Entries provided Block Start
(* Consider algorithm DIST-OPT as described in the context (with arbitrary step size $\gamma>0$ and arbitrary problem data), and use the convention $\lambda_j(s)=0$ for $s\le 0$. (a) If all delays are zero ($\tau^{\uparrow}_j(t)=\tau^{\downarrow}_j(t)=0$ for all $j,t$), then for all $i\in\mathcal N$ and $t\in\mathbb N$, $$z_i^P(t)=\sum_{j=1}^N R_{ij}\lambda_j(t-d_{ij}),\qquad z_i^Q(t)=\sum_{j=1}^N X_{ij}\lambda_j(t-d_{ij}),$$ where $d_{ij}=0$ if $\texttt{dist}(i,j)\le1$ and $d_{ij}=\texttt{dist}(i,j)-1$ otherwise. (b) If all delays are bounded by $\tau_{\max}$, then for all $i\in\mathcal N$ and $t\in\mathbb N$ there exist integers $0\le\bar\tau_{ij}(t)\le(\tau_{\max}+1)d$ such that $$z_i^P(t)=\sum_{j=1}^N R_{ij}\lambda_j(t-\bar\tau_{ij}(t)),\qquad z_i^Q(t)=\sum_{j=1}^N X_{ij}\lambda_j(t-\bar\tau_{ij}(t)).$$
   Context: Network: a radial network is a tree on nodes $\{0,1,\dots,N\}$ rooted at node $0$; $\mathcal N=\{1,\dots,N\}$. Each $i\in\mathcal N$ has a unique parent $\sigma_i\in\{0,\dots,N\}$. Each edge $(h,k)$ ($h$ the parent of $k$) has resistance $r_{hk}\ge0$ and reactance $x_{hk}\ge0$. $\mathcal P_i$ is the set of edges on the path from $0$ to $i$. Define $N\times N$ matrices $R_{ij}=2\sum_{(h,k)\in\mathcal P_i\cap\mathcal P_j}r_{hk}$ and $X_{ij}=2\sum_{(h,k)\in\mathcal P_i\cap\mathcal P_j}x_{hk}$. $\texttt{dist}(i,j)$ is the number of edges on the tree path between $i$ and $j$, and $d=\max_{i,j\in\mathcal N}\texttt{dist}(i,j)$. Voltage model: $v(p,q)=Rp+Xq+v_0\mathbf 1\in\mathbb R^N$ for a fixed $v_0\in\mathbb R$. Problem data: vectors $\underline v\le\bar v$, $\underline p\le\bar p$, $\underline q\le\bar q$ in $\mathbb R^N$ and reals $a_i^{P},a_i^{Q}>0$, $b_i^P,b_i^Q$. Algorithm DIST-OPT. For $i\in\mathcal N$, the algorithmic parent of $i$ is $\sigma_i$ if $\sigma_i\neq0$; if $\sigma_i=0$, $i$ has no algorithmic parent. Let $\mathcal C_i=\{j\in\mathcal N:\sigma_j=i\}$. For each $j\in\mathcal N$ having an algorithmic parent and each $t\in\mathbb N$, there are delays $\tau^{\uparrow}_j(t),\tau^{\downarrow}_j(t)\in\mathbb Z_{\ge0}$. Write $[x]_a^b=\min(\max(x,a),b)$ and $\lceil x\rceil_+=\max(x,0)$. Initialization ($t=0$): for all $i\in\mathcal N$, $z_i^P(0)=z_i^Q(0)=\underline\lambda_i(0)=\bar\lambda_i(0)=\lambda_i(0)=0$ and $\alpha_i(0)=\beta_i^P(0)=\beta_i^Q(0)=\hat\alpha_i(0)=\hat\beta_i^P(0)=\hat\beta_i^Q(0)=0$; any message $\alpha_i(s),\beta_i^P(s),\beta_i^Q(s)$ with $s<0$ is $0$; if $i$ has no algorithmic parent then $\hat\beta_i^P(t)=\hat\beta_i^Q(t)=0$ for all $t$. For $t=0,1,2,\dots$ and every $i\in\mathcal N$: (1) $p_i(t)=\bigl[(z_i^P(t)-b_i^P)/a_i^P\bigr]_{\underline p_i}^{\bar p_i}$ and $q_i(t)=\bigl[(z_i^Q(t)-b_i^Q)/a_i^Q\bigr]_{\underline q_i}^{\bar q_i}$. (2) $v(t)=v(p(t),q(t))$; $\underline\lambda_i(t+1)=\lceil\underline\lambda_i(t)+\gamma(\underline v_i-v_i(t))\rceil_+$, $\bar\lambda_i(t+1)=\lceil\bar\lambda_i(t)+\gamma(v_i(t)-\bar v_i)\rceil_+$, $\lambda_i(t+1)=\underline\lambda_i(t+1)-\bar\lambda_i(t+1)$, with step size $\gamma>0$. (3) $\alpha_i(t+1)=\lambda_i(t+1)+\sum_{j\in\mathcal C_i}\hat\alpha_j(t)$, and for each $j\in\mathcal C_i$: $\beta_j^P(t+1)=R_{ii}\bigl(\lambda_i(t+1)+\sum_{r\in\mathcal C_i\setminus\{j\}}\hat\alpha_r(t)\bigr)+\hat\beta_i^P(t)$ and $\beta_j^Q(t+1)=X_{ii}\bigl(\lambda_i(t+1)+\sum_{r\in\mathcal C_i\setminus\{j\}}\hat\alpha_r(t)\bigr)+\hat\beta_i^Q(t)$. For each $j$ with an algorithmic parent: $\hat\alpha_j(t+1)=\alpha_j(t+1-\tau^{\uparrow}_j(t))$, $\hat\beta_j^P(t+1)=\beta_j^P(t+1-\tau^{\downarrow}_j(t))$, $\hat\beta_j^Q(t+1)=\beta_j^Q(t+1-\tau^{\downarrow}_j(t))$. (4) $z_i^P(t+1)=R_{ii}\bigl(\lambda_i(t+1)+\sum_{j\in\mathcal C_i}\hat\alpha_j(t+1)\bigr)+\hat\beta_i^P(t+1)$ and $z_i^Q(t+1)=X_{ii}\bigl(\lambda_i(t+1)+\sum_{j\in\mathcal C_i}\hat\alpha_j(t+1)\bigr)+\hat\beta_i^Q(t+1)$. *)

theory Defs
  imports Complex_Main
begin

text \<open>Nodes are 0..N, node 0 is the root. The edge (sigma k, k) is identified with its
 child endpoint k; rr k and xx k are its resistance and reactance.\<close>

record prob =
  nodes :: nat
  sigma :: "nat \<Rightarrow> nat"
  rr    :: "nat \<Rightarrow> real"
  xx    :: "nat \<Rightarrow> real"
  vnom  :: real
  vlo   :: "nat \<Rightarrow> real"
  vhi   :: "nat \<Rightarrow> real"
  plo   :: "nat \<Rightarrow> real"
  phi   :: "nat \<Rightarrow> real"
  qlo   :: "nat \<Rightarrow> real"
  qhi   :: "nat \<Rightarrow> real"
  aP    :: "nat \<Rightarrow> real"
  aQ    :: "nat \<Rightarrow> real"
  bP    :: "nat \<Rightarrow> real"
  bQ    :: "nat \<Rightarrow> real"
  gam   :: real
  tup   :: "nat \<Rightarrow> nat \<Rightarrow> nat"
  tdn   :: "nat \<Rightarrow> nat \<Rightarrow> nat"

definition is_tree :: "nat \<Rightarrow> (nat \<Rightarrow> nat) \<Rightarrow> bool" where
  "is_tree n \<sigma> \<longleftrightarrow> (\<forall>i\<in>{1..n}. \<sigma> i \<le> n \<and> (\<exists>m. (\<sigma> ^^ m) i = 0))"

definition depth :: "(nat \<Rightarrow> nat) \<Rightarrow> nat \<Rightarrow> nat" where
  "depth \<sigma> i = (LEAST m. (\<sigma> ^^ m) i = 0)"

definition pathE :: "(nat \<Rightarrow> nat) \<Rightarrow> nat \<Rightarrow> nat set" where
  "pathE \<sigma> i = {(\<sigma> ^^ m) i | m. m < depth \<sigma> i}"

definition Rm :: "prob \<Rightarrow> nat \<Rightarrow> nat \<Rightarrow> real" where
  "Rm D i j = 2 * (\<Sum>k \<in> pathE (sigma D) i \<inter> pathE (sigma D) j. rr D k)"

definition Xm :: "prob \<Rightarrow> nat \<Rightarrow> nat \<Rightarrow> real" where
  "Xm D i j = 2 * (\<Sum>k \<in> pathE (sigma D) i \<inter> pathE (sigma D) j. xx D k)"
Entries provided Block End
### What you need to do
Set down, please, the lines from the line holding "(sigma D) j. rr" through the final line of the data, exactly and with nothing added.

### Exercise response
  "Rm D i j = 2 * (\<Sum>k \<in> pathE (sigma D) i \<inter> pathE (sigma D) j. rr D k)"

definition Xm :: "prob \<Rightarrow> nat \<Rightarrow> nat \<Rightarrow> real" where
  "Xm D i j = 2 * (\<Sum>k \<in> pathE (sigma D) i \<inter> pathE (sigma D) j. xx D k)"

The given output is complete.